Airflow Lineage Backend

Learn how to capture lineage information directly from Airflow DAGs using the OpenMetadata Lineage Backend.

Introduction

Obtaining metadata should be as simple as possible. Not only that, we want developers to be able to keep using their tools without any major changes.

We can directly use Airflow code to help us track data lineage. What we want to achieve through this backend is the ability to link OpenMetadata Table Entities and the pipelines that have those instances as inputs or outputs.

Being able to control and monitor these relationships can play a major role in helping discover and communicate issues to your company data practitioners and stakeholders.

This document will guide you through the installation, configuration and internals of the process to help you unlock as much value as possible from within your Airflow pipelines.

Quickstart

Installation

The Lineage Backend can be directly installed to the Airflow instances as part of the usual OpenMetadata Python distribution:

Where x.y.z is the version of your OpenMetadata server, e.g., 1.2.2. It is important that server and client versions match.

Adding Lineage Config

After the installation, we need to update the Airflow configuration. This can be done following this example on airflow.cfg:

Or we can directly provide environment variables:

We can choose the option that best adapts to our current architecture. Find more information on Airflow configurations here.

Moreover, when using the lineage backend to bring in Pipeline metadata, we will add the URL of DAG. We build this URL by using the webserver base URL. If you want to make sure this value is informed correctly, double-check what you have defined in the webserver configuration here.

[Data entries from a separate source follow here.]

(* Let $K$ be the transition kernel of a Markov chain on a general state space, reversible with respect to $\pi$. Let $\epsilon>0$ and $\mu_0\ll\pi$ with $\chi(\mu_0\|\pi)<\infty$, and $h_0=d\mu_0/d\pi$. If $\mathcal E_K(h_0,h_0)/\chi(\mu_0\|\pi)^2\le1/2$, then $$\tau_2(\epsilon,\mu_0)\ge2\Big(-\log\Big(1-\frac{2\mathcal E_K(h_0,h_0)}{\chi(\mu_0\|\pi)^2}\Big)\Big)^{-1}\log\frac{\chi(\mu_0\|\pi)}{\epsilon}.$$ Consequently, if $\mathcal E_K(h_0,h_0)/\chi(\mu_0\|\pi)^2\le1/4$, then $$\tau_2(\epsilon,\mu_0)\ge\frac12\Big(\frac{\mathcal E_K(h_0,h_0)}{\chi(\mu_0\|\pi)^2}\Big)^{-1}\log\frac{\chi(\mu_0\|\pi)}{\epsilon}.$$
   Context: Reversibility: $K(x,dy)\pi(dx)=K(y,dx)\pi(dy)$. $\mu_n$ is the law after $n$ steps from $\mu_0$. For $\mu\ll\pi$, $\chi(\mu\|\pi)=\big(\int(\frac{d\mu}{d\pi}-1)^2d\pi\big)^{1/2}$. Dirichlet form: $\mathcal E_K(g,g)=\frac12\iint(g(x)-g(y))^2K(x,dy)\pi(dx)$ for $g\in L_2(\pi)$. The $\chi^2$ mixing time is $\tau_2(\epsilon,\mu_0)=\inf\{n\in\mathbb N:\chi(\mu_n\|\pi)\le\epsilon\}$. *)

theory Defs
  imports "HOL-Probability.Probability"
begin

definition chain_step :: "('a \<Rightarrow> 'a measure) \<Rightarrow> 'a measure \<Rightarrow> 'a measure" where
  "chain_step K \<mu> = \<mu> \<bind> K"

definition law_after :: "('a \<Rightarrow> 'a measure) \<Rightarrow> nat \<Rightarrow> 'a measure \<Rightarrow> 'a measure" where
  "law_after K n \<mu>0 = (chain_step K ^^ n) \<mu>0"

text \<open>Reversibility K(x,dy)\<pi>(dx) = K(y,dx)\<pi>(dy), i.e. equality on all measurable rectangles.\<close>
definition reversible :: "'a measure \<Rightarrow> ('a \<Rightarrow> 'a measure) \<Rightarrow> bool" where
  "reversible \<pi> K \<longleftrightarrow>
     (\<forall>A\<in>sets \<pi>. \<forall>B\<in>sets \<pi>.
        (\<integral>\<^sup>+x. indicator A x * emeasure (K x) B \<partial>\<pi>) =
        (\<integral>\<^sup>+y. indicator B y * emeasure (K y) A \<partial>\<pi>))"

definition density_wrt :: "'a measure \<Rightarrow> 'a measure \<Rightarrow> 'a \<Rightarrow> real" where
  "density_wrt \<pi> \<mu> x = enn2real (RN_deriv \<pi> \<mu> x)"

definition chi :: "'a measure \<Rightarrow> 'a measure \<Rightarrow> ennreal" where
  "chi \<pi> \<mu> =
     (if sets \<mu> = sets \<pi> \<and> absolutely_continuous \<pi> \<mu> then
        (let I = (\<integral>\<^sup>+x. ennreal ((density_wrt \<pi> \<mu> x - 1)\<^sup>2) \<partial>\<pi>)
         in if I = \<infinity> then \<infinity> else ennreal (sqrt (enn2real I)))
      else \<infinity>)"

definition dirichlet_form :: "'a measure \<Rightarrow> ('a \<Rightarrow> 'a measure) \<Rightarrow> ('a \<Rightarrow> real) \<Rightarrow> real" where
  "dirichlet_form \<pi> K g =
     enn2real ((1/2) * (\<integral>\<^sup>+x. (\<integral>\<^sup>+y. ennreal ((g x - g y)\<^sup>2) \<partial>K x) \<partial>\<pi>))"

text \<open>chi^2 mixing time; the infimum of the empty set is \<infinity> (top of enat).\<close>
definition mixing_time_chi :: "'a measure \<Rightarrow> ('a \<Rightarrow> 'a measure) \<Rightarrow> real \<Rightarrow> 'a measure \<Rightarrow> enat" where
  "mixing_time_chi \<pi> K \<epsilon> \<mu>0 = Inf {enat n | n. chi \<pi> (law_after K n \<mu>0) \<le> ennreal \<epsilon>}"

end

theory Submission
  imports Defs
begin

text \<open>Write \<open>h\<^sub>n = d\<mu>\<^sub>n/d\<pi>\<close> and \<open>a\<^sub>n = \<chi>(\<mu>\<^sub>n\<parallel>\<pi>)\<^sup>2 = \<langle>h\<^sub>n, h\<^sub>n\<rangle> - 1\<close>. The densities evolve
  by \<open>h\<^sub>n\<^sub>+\<^sub>1 = K h\<^sub>n\<close>, and reversibility makes \<open>K\<close> self-adjoint on \<open>L\<^sub>2(\<pi>)\<close>, so
  \<open>a\<^sub>n\<^sub>+\<^sub>1 = \<langle>h\<^sub>n - 1, h\<^sub>n\<^sub>+\<^sub>2 - 1\<rangle>\<close> and Cauchy-Schwarz makes \<open>a\<close> log-convex:
  \<open>a\<^sub>n\<^sub>+\<^sub>1\<^sup>2 \<le> a\<^sub>n a\<^sub>n\<^sub>+\<^sub>2\<close>. Hence the ratios \<open>a\<^sub>n\<^sub>+\<^sub>1 / a\<^sub>n\<close> increase, and the first one is at
  least \<open>c = 1 - 2\<E>(h\<^sub>0,h\<^sub>0)/a\<^sub>0\<close> because \<open>a\<^sub>0 - a\<^sub>1 \<le> 2\<E>(h\<^sub>0,h\<^sub>0)\<close>. So \<open>a\<^sub>n \<ge> c\<^sup>n a\<^sub>0\<close>,
  and \<open>a\<^sub>\<tau> \<le> \<epsilon>\<^sup>2\<close> at the mixing time gives the first bound after taking logarithms; the second
  follows from \<open>-log (1 - x) \<le> 2x\<close> for \<open>x \<le> 1/2\<close>.\<close>

lemma nn_integral_square_le_prob:
  assumes "prob_space M" and [measurable]: "f \<in> borel_measurable M"
  shows "(\<integral>\<^sup>+x. f x \<partial>M)\<^sup>2 \<le> (\<integral>\<^sup>+x. f x ^ 2 \<partial>M)"
  using Cauchy_Schwarz_nn_integral[of f M "\<lambda>_. 1"] prob_space.emeasure_space_1[OF assms(1)]
  by simp

lemma enat_Inf_in:
  fixes S :: "enat set"
  assumes "Inf S \<noteq> \<infinity>"
  shows "Inf S \<in> S"
  using assms unfolding Inf_enat_def by (auto intro: LeastI split: if_splits)

lemma log_convex_geometric_lower_bound:
  fixes a :: "nat \<Rightarrow> real"
  assumes log_convex: "\<And>n. (a (Suc n))\<^sup>2 \<le> a n * a (Suc (Suc n))"
    and pos: "a 0 > 0" and c: "c > 0" and first: "c * a 0 \<le> a 1"
  shows "c ^ m * a 0 \<le> a m"
proof -
  have ratio: "c * a n \<le> a (Suc n) \<and> 0 < a n" for n
  proof (induction n)
    case 0
    show ?case using first pos by simp
  next
    case (Suc n)
    then have an: "a n > 0" and step: "c * a n \<le> a (Suc n)" by auto
    have pos': "a (Suc n) > 0"
      using step an c by (meson less_le_trans mult_pos_pos)
    have "a n * (c * a (Suc n)) = (c * a n) * a (Suc n)"
      by (simp add: ac_simps)
    also have "\<dots> \<le> a (Suc n) * a (Suc n)"
      using step pos' by (intro mult_right_mono) auto
    also have "\<dots> \<le> a n * a (Suc (Suc n))"
      using log_convex[of n] by (simp add: power2_eq_square)
    finally have "c * a (Suc n) \<le> a (Suc (Suc n))"
      using an by simp
    with pos' show ?case by simp
  qed
  show ?thesis
  proof (induction m)
    case (Suc m)
    have "c ^ Suc m * a 0 = c * (c ^ m * a 0)" by simp
    also have "\<dots> \<le> c * a m" using Suc c by simp
    also have "\<dots> \<le> a (Suc m)" using ratio[of m] by simp
    finally show ?case .
  qed simp
qed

Make sure this is a valid URI by not forgetting to add the scheme, otherwise we won't be able to properly parse it.

Optional Parameters

You can also set the following parameters:

only_keep_dag_lineage will remove any table lineage not present in the inlets or outlets. This will ensure that any lineage in OpenMetadata comes only from your code.
max_status controls the number of status to ingest in each run. By default, we'll pick the last 10.
timeout sets the timeout for the airflow lineage backend's connection to openMetadata.
retry limits the number of retries for the airflow lineage backend's connection to openMetadata.
retry_wait the base wait time (in seconds) between retry attempts. On each retry, the wait time increases linearly based on the number of attempts already made: retry_wait * (total_retries - retry + 1) This mechanism helps avoid overwhelming the service by spacing out retries.
retry_codes is a comma-separated list of HTTP status codes that will trigger a retry. By default, it includes Gateway Timeout (HTTP 504).

In the following sections, we'll show how to adapt our pipelines to help us build the lineage information.

Lineage Backend

You can find the source code here.

Pipeline Service

The backend will look for a Pipeline Service Entity with the name specified in the configuration under airflow_service_name. If it cannot find the instance, it will create one based on the following information:

airflow_service_name as name. If not informed, the default value will be airflow.
It will use the webserver base URL as the URL of the service.

Pipeline Entity

Each DAG processed by the backend will be created or updated as a Pipeline Entity linked to the above Pipeline Service.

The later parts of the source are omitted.